One of the first things that got me really excited about music was programming drum machines. I liked being able to find and record any sound with the computer’s lo-fi mic, and use it as an instrument. Actually, I still have (and use) a lot of the sounds that I recorded in middle school. The software I used was a simple step sequencer. A step sequencer represents time as discrete, evenly spaced “steps,” rather than as a continuous flow. Rhythms programmed with step sequencers tend to feel very mechanical. The intensity, timbre, and duration of each sound is exactly the same.
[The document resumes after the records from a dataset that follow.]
lemma exp_sum_eq_exp_imp_coeff_eq_0:
  fixes c :: "'a \<Rightarrow> complex" and \<omega> :: "'a \<Rightarrow> complex"
  assumes "finite S" and "inj_on \<omega> S"
    and eq: "\<forall>s>0. (\<Sum>p\<in>S. c p * exp (\<omega> p * of_real s)) = Q * exp (\<omega>0 * of_real s)"
    and "p \<in> S" and "\<omega> p \<noteq> \<omega>0"
  shows "c p = 0"
proof -
  define W where "W = insert \<omega>0 (\<omega> ` S)"
  define k where "k x = sum c {p\<in>S. \<omega> p = x} - (if x = \<omega>0 then Q else 0)" for x
  have "finite W" using \<open>finite S\<close> by (simp add: W_def)
  have "(\<Sum>x\<in>W. k x * exp (x * of_real s)) = 0" if "s > 0" for s
  proof -
    have "(\<Sum>x\<in>W. sum c {p\<in>S. \<omega> p = x} * exp (x * of_real s)) = (\<Sum>p\<in>S. c p * exp (\<omega> p * of_real s))"
      using sum.group[OF \<open>finite S\<close> \<open>finite W\<close>, of \<omega> "\<lambda>p. c p * exp (\<omega> p * of_real s)"]
      by (auto simp: W_def sum_distrib_right intro: sum.cong)
    moreover have "(\<Sum>x\<in>W. (if x = \<omega>0 then Q else 0) * exp (x * of_real s))
        = (\<Sum>x\<in>W. if x = \<omega>0 then Q * exp (\<omega>0 * of_real s) else 0)"
      by (rule sum.cong) auto
    then have "(\<Sum>x\<in>W. (if x = \<omega>0 then Q else 0) * exp (x * of_real s)) = Q * exp (\<omega>0 * of_real s)"
      using \<open>finite W\<close> by (simp add: W_def)
    ultimately show ?thesis
      using eq \<open>s > 0\<close> by (simp add: k_def left_diff_distrib sum_subtractf)
  qed
  then have "k (\<omega> p) = 0"
    using exp_linear_independent[OF \<open>finite W\<close>] \<open>p \<in> S\<close> by (auto simp: W_def)
  moreover have "{p'\<in>S. \<omega> p' = \<omega> p} = {p}"
    using \<open>inj_on \<omega> S\<close> \<open>p \<in> S\<close> by (auto dest: inj_onD)
  ultimately show ?thesis
    using \<open>\<omega> p \<noteq> \<omega>0\<close> by (simp add: k_def)
qed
If a human were to copy the rhythm of a drum machine, there would naturally be small but perceptible differences between each sound.
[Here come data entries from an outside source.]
lemma xop_yop_commute: "i \<noteq> j \<Longrightarrow> xop i \<circ> yop j = yop j \<circ> xop i"
proof (rule klinear_eq_on_monoms)
  fix \<alpha> :: "'a \<Rightarrow>\<^sub>0 nat"
  assume "i \<noteq> j"
  then have "\<alpha> - unit_exp j + unit_exp i = \<alpha> + unit_exp i - unit_exp j"
    by (auto simp: poly_mapping_eq_iff fun_eq_iff lookup_add lookup_minus lookup_single when_def)
  with \<open>i \<noteq> j\<close> show "(xop i \<circ> yop j) (monom \<alpha>) = (yop j \<circ> xop i) (monom \<alpha>)"
    by (simp add: yop_single xop_single lookup_add lookup_single klinear_zero[OF klinear_xop])
qed (simp_all add: klinear_comp klinear_xop klinear_yop)

lemma alg_gen_centralizer:
  assumes "klinear w" "\<And>j. j \<in> J \<Longrightarrow> w \<circ> xop j = xop j \<circ> w \<and> w \<circ> yop j = yop j \<circ> w"
    and "u \<in> alg_gen J"
  shows "w \<circ> u = u \<circ> w"
  using assms(3)
proof (induction rule: alg_gen.induct)
  case (gen_scal c) show ?case by (rule ext) (simp add: klinear_smult[OF assms(1)])
next
  case (gen_add f g) then show ?case
    by (simp add: fun_eq_iff eadd_def klinear_add[OF assms(1)])
next
  case (gen_comp f g) then show ?case by (metis comp_assoc)
qed (use assms(2) in auto)

lemma alg_gen_disjoint_commute:
  assumes "I \<inter> J = {}" "u \<in> alg_gen I" "v \<in> alg_gen J"
  shows "u \<circ> v = v \<circ> u"
proof -
  have gens_commute: "g \<circ> u = u \<circ> g" if "g = xop j \<or> g = yop j" "j \<in> J" for g j
  proof (rule alg_gen_centralizer[OF _ _ assms(2)])
    show "klinear g" using that by (metis klinear_xop klinear_yop)
    fix i assume "i \<in> I"
    with that assms(1) have "i \<noteq> j" by blast
    with that show "g \<circ> xop i = xop i \<circ> g \<and> g \<circ> yop i = yop i \<circ> g"
      by (metis xop_commute yop_commute xop_yop_commute)
  qed
  show ?thesis
    by (rule alg_gen_centralizer[OF alg_gen_klinear[OF assms(2)] _ assms(3)])
      (metis gens_commute)
qed

lemma alg_gen_id: "(\<lambda>p. p) \<in> alg_gen J"
  using alg_gen.gen_scal[of 1 J] by (simp add: smult_pol_one)

lemma alg_gen_zero: "(\<lambda>p. 0) \<in> alg_gen J"
  using alg_gen.gen_scal[of 0 J] by (simp add: smult_pol_zero)

lemma alg_gen_esub: "f \<in> alg_gen J \<Longrightarrow> g \<in> alg_gen J \<Longrightarrow> esub f g \<in> alg_gen J"
proof -
  assume "f \<in> alg_gen J" "g \<in> alg_gen J"
  moreover have "esub f g = eadd f ((\<lambda>p. smult_pol (-1) p) \<circ> g)"
    by (rule ext) (simp add: esub_def eadd_def smult_pol_neg1)
  ultimately show ?thesis by (simp add: alg_gen.intros)
qed

lemma alg_gen_funpow: "f \<in> alg_gen J \<Longrightarrow> f ^^ n \<in> alg_gen J"
  by (induction n) (simp_all add: alg_gen.gen_comp alg_gen_id[unfolded id_def[symmetric]])

lemma alg_gen_sum:
  "finite A \<Longrightarrow> (\<And>a. a \<in> A \<Longrightarrow> f a \<in> alg_gen J) \<Longrightarrow> (\<lambda>p. \<Sum>a\<in>A. f a p) \<in> alg_gen J"
proof (induction A rule: finite_induct)
  case (insert a A)
  then have "eadd (f a) (\<lambda>p. \<Sum>a\<in>A. f a p) \<in> alg_gen J" by (simp add: alg_gen.gen_add)
  with insert.hyps show ?case by (simp add: eadd_def)
qed (simp add: alg_gen_zero)

lemma Ekl_alg_gen: "i \<in> J \<Longrightarrow> Ekl k l i \<in> alg_gen J"
  unfolding Ekl_def by (intro alg_gen_esub alg_gen.gen_comp alg_gen_funpow alg_gen.intros)

lemma monom_mult_Sn: "(\<lambda>p. monom \<alpha> * p) \<in> (Sn :: ('i::finite, 'k::field) endo set)"
proof (induction \<alpha> rule: exponent_induct)
  case zero
  show ?case using alg_gen_id by simp
next
  case (step \<alpha> i)
  have "(\<lambda>p. monom (\<alpha> + unit_exp i) * p) = xop i \<circ> (\<lambda>p. (monom \<alpha> :: ('i, 'k) pol) * p)"
    by (rule ext) (simp add: xop_def mult.assoc[symmetric] mult_single add.commute)
  also have "\<dots> \<in> Sn" using step by (simp add: alg_gen.gen_comp alg_gen.gen_x)
  finally show ?case .
qed

lemma mult_Sn: "(\<lambda>p. q * p) \<in> (Sn :: ('i::finite, 'k::field) endo set)"
proof -
  have "(\<lambda>p. q * p) = (\<lambda>p. \<Sum>\<alpha>\<in>Poly_Mapping.keys q.
      ((\<lambda>p. smult_pol (Poly_Mapping.lookup q \<alpha>) p) \<circ> (\<lambda>p. monom \<alpha> * p)) p)"
  proof
    fix p
    have "q * p = (\<Sum>\<alpha>\<in>Poly_Mapping.keys q. Poly_Mapping.single \<alpha> (Poly_Mapping.lookup q \<alpha>)) * p"
      by (subst pol_expand[of q]) simp
    then show "q * p = (\<Sum>\<alpha>\<in>Poly_Mapping.keys q.
        ((\<lambda>p. smult_pol (Poly_Mapping.lookup q \<alpha>) p) \<circ> (\<lambda>p. monom \<alpha> * p)) p)"
      by (simp add: sum_distrib_right smult_pol_conv mult.assoc[symmetric] mult_single)
  qed
  also have "\<dots> \<in> Sn" by (intro alg_gen_sum finite_keys alg_gen.gen_comp alg_gen.gen_scal monom_mult_Sn)
  finally show ?thesis .
qed

lemma Ekl_xop_left: "xop i \<circ> Ekl k l i = Ekl (Suc k) l i"
  by (rule ext) (simp add: Ekl_def esub_def klinear_diff[OF klinear_xop])

lemma Ekl_yop_left: "yop i \<circ> Ekl (Suc k) l i = Ekl k l i"
  by (rule ext) (simp add: Ekl_def esub_def klinear_diff[OF klinear_yop] yop_xop)

lemma Ekl_yop_left_0: "yop i \<circ> Ekl 0 l i = (\<lambda>p. 0)"
  by (rule ext) (simp add: Ekl_def esub_def klinear_diff[OF klinear_yop] yop_xop)

lemma Ekl_yop_right: "Ekl k l i \<circ> yop i = Ekl k (Suc l) i"
  by (rule ext) (simp add: Ekl_def esub_def funpow_swap1[symmetric])

lemma yop_pow_xop: "(yop i ^^ Suc l) (xop i p) = (yop i ^^ l) p"
  by (simp only: funpow_Suc_right comp_apply yop_xop)

lemma Ekl_xop_right_apply: "Ekl k (Suc l) i (xop i p) = Ekl k l i p"
  unfolding Ekl_def esub_def comp_apply by (simp only: yop_pow_xop add_Suc)

lemma Ekl_xop_right_0_apply: "Ekl k 0 i (xop i p) = 0"
  by (simp add: Ekl_def esub_def yop_xop funpow_swap1)

lemma Ekl_xop_right: "Ekl k (Suc l) i \<circ> xop i = Ekl k l i"
  by (rule ext) (simp add: Ekl_xop_right_apply)

lemma Ekl_xop_right_0: "Ekl k 0 i \<circ> xop i = (\<lambda>p. 0)"
  by (rule ext) (simp add: Ekl_xop_right_0_apply)

lemma Ekl_vanish: "l < m \<Longrightarrow> Ekl k l i ((xop i ^^ m) p) = 0"
proof (induction l arbitrary: m)
  case 0
  then obtain m' where "m = Suc m'" by (cases m) auto
  then show ?case by (simp add: Ekl_xop_right_0_apply)
next
  case (Suc l)
  then obtain m' where "m = Suc m'" "l < m'" by (cases m) auto
  with Suc.IH show ?case by (simp add: Ekl_xop_right_apply)
qed

lemma Ekl_0_single: "Ekl 0 l i (monom \<gamma> :: ('i, 'k::field) pol) =
   (if Poly_Mapping.lookup \<gamma> i = l then monom (\<gamma> - Poly_Mapping.single i l) else 0)"
proof -
  have "Ekl 0 l i (monom \<gamma> :: ('i, 'k) pol) = (yop i ^^ l) (monom \<gamma>) - xop i (yop i ((yop i ^^ l) (monom \<gamma>)))"
    by (simp add: Ekl_def esub_def)
  also have "\<dots> = (if Poly_Mapping.lookup \<gamma> i = l then monom (\<gamma> - Poly_Mapping.single i l) else 0)"
  proof (cases "Poly_Mapping.lookup \<gamma> i" l rule: linorder_cases)
    case less then show ?thesis
      by (simp add: yop_pow_single klinear_zero[OF klinear_xop] klinear_zero[OF klinear_yop])
  next
    case equal then show ?thesis
      by (simp add: yop_pow_single yop_single lookup_minus klinear_zero[OF klinear_xop])
  next
    case greater
    then have "0 < Poly_Mapping.lookup (\<gamma> - Poly_Mapping.single i l) i" by (simp add: lookup_minus)
    with greater show ?thesis by (simp add: yop_pow_single xop_yop_single)
  qed
  finally show ?thesis .
qed

lemma commute_with_complement:
  "u \<in> alg_gen (UNIV - {i}) \<Longrightarrow> v \<in> alg_gen {i} \<Longrightarrow> v \<circ> u = u \<circ> v"
  by (rule alg_gen_disjoint_commute[of "{i}" "UNIV - {i}"]) auto

lemma xop_local: "xop i \<in> alg_gen {i}" and yop_local: "yop i \<in> alg_gen {i}"
  and Ekl_local: "Ekl k l i \<in> alg_gen {i}"
  by (simp_all add: alg_gen.intros Ekl_alg_gen)

definition pid_gens :: "'i \<Rightarrow> ('i, 'k::field) endo set" where
  "pid_gens i = {Ekl k l i \<circ> u | k l u. u \<in> alg_gen (UNIV - {i})}"

lemma pid_eq_span: "pid i = espan (pid_gens i)"
  unfolding pid_def pid_gens_def ..

lemma pid_gen_mem: "u \<in> alg_gen (UNIV - {i}) \<Longrightarrow> Ekl k l i \<circ> u \<in> pid i"
  unfolding pid_eq_span pid_gens_def by (rule espan.span_base) blast

lemma pid_zero: "(\<lambda>p. 0) \<in> pid i"
  unfolding pid_eq_span by (rule espan.span_zero)

lemma pid_add: "f \<in> pid i \<Longrightarrow> g \<in> pid i \<Longrightarrow> eadd f g \<in> pid i"
  unfolding pid_eq_span by (rule espan.span_add)

lemma pid_scal: "f \<in> pid i \<Longrightarrow> escal c f \<in> pid i"
  unfolding pid_eq_span by (rule espan.span_scal)

lemma pid_klinear: "f \<in> pid i \<Longrightarrow> klinear f"
proof (unfold pid_eq_span, induction rule: espan.induct)
  case (span_base f)
  then show ?case unfolding pid_gens_def
    by (auto intro: klinear_comp alg_gen_klinear alg_gen_klinear[OF Ekl_local])
qed (simp_all add: klinearI smult_pol_conv klinear_eadd klinear_escal)

lemma espan_comp_left:
  assumes "klinear g" "\<And>f. f \<in> A \<Longrightarrow> g \<circ> f \<in> espan A" "h \<in> espan A"
  shows "g \<circ> h \<in> espan A"
  using assms(3)
proof (induction rule: espan.induct)
  case span_zero
  then show ?case using espan.span_zero by (simp add: comp_def klinear_zero[OF assms(1)])
next
  case (span_add f h)
  have "g \<circ> eadd f h = eadd (g \<circ> f) (g \<circ> h)"
    by (rule ext) (simp add: eadd_def klinear_add[OF assms(1)])
  with span_add.IH show ?case by (metis espan.span_add)
next
  case (span_scal f c)
  have "g \<circ> escal c f = escal c (g \<circ> f)"
    by (rule ext) (simp add: escal_def klinear_smult[OF assms(1)])
  with span_scal.IH show ?case by (metis espan.span_scal)
qed (use assms(2) in blast)

lemma espan_comp_right:
  assumes "\<And>f. f \<in> A \<Longrightarrow> f \<circ> g \<in> espan A" "h \<in> espan A"
  shows "h \<circ> g \<in> espan A"
  using assms(2)
proof (induction rule: espan.induct)
  case span_zero
  then show ?case using espan.span_zero by (simp add: comp_def)
next
  case (span_add f h)
  have "eadd f h \<circ> g = eadd (f \<circ> g) (h \<circ> g)" by (rule ext) (simp add: eadd_def)
  with span_add.IH show ?case by (metis espan.span_add)
next
  case (span_scal f c)
  have "escal c f \<circ> g = escal c (f \<circ> g)" by (rule ext) (simp add: escal_def)
  with span_scal.IH show ?case by (metis espan.span_scal)
qed (use assms(1) in blast)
While I was learning music, oscillating between programming electronic music and performing on acoustic instruments, I thought a lot about my relationship to technology. I started to think of the essence of technology and machines as regularity, and the essence of humans and nature is irregularity. So, continuing to use the same software, I developed strategies to humanize my rhythms. I started using irregular and mixed meters – having the length of patterns constantly changing, destabilizing pulse and expectation. I also started using higher resolution step sequencers. Rather than dividing time into 16 steps (the default), I used divisions of 32 or 64. While time was still discrete, it gave me the option to have a sound between the expected divisions of time. As I learned more about computers and digital audio, I figured out that even software that supposedly gave access to a continuous timeline was discrete. Rather than dividing 1 second into 4 divisions, it might be divided into 44100 divisions (depending on the tempo and sample rate, but you get the point). This further complicated my ideas about humans and machines. No matter what, working in a digital medium means that everything is discrete, but the perceptibility of these essences depends on resolution.
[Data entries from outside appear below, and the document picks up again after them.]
lemma
  assumes "1 \<le> l" "l \<le> M" "q < N l"
  shows parent_less: "parent l q < N (Suc l)"
    and ingrp_parent: "ingrp k l (parent l q) q"
proof -
  let ?P = "\<lambda>p. q < off k l (Suc p)"
  have n: "0 < N (Suc l)" using N_Suc_pos assms by auto
  have P: "?P (N (Suc l) - 1)" using off_N assms n by simp
  then show "parent l q < N (Suc l)"
    unfolding parent_def using n by (meson Least_le diff_less le_less_trans zero_less_one)
  have "?P (parent l q)" unfolding parent_def using P by (rule LeastI)
  moreover have "off k l (parent l q) \<le> q"
  proof (cases "parent l q")
    case (Suc p)
    then have "\<not> ?P p" unfolding parent_def by (metis lessI not_less_Least)
    then show ?thesis using Suc by simp
  qed (simp add: off_def)
  ultimately show "ingrp k l (parent l q) q" by (simp add: ingrp_def)
qed

lemma same_parent_if_adj:
  assumes "1 \<le> l" "l \<le> M" "adj l q s \<noteq> 0"
  shows "parent l q = parent l s"
  using adj_within_group[OF assms] parent_eqI by metis

lemma adj_eq_0_if_not_ingrp:
  assumes "1 \<le> l" "l \<le> M" "ingrp k l p r" "\<not> ingrp k l p s"
  shows "adj l r s = 0"
  using adj_within_group[of l r s] ingrp_unique assms by blast

fun ancestor :: "nat \<Rightarrow> nat \<Rightarrow> nat \<Rightarrow> nat" where
  "ancestor l 0 q = q"
| "ancestor l (Suc d) q = ancestor (Suc l) d (parent l q)"

lemma ancestor_Suc_parent: "ancestor l (Suc d) q = parent (l + d) (ancestor l d q)"
  by (induction d arbitrary: l q) auto

lemma ancestor_less: "1 \<le> l \<Longrightarrow> l + d \<le> Suc M \<Longrightarrow> q < N l \<Longrightarrow> ancestor l d q < N (l + d)"
proof (induction d arbitrary: l q)
  case (Suc d)
  then show ?case using Suc.IH[of "Suc l" "parent l q"] parent_less[of l q] by simp
qed simp

lemma aw_Suc: "1 \<le> l \<Longrightarrow> aw k a (Suc l) p = (\<Sum>q\<in>members l p. aw k a l q)"
  by (cases l) auto

lemma aw_pos: "1 \<le> l \<Longrightarrow> l \<le> Suc M \<Longrightarrow> q < N l \<Longrightarrow> 0 < aw k a l q"
proof (induction l arbitrary: q rule: nat_induct_at_least)
  case base then show ?case using a_pos by simp
next
  case (Suc l)
  have "0 < (\<Sum>r\<in>members l q. aw k a l r)"
  proof (rule sum_pos2)
    show "off k l q \<in> members l q" using off_in_members Suc by auto
    have "r < N l" if "r \<in> members l q" for r
      using that members_subset[of l q] Suc by auto
    then show "0 < aw k a l (off k l q)" "\<And>r. r \<in> members l q \<Longrightarrow> 0 \<le> aw k a l r"
      using Suc off_in_members[of l q] by (auto intro: less_imp_le)
  qed simp
  then show ?case using aw_Suc Suc by simp
qed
More recently, as I’ve become interested in algorithmic composition – the use of computers to aid in music-making decisions – my regular / irregular duality became even more complicated. I quickly found out how easy it is for computers to generate complete randomness, and how inhuman this feels. Humanness isn’t just irregularity, and it isn’t a pure essence. For an algorithm to come up with human-like sounds, it needs to incorporate some balance between randomness and rule following.
These ideas about balance and resolution have become core aesthetic principles for me, applying to every aspect of music, as well as how I think about technology in general, other art forms, nature, life, etc. In teaching a music technology class primarily focused on concrete skills, I think it is important to try to incorporate some of these abstract aesthetic principles. From my perspective as a composer rather than an engineer or a theorist, this is truer to what I have to offer students. While the explicit focus of each project is usually a particular skill, I hope to implicitly encourage students to explore some of these concepts I’ve discovered over the years. But how can I do this in a way that applies to all of their diverse interests, and doesn’t push students towards or away from any particular style?
Here are a few examples: When we talk about programming rhythm, I ask students to start quantized (rhythmically regular), and gradually give them ideas on how to incorporate irregularity. Each student comes up with different ways of balancing and organizing these forces. When we talk about choosing software, I explain the benefits of each program, but I also ask students how they approach individuality and expression in a world where so many people are working with the exact same tools. I ask them to think about technological determinism, and how the software influences their decisions and sounds. When we talk about digital audio (really fun stuff like file formats, sampling rate, and bit depth), we compare our everyday associations with the words “analog” (lo-fi, warmth) and “digital” (hi-fi, cold, clean) with an actual technical definition: continuous or discrete. They’re surprised when I say that typewriters are digital because they have a discrete number of possible characters, and have interesting arguments against this. One student said that yes, the characters are finite, but that the way a typewrite puts ink on a page and the alignment of each line is always a little bit different.
I try to encourage students to follow a similar path to mine, starting with concrete ideas and figuring out how they can become more conceptual and interdisciplinary. I ask them to think critically about the tools they use by structuring the class around creative projects and open ended questions. As I continue to develop this class and prepare to teach others, musical and else, I’ve been thinking about how to communicate knowledge to students. Often, we can’t really just present some ideas outright and have it be meaningful. Rather, we often have to help students find ideas on their own. I find it really useful to think about my own experience discovering these ideas, and how I’m trying to help guide others to do the same.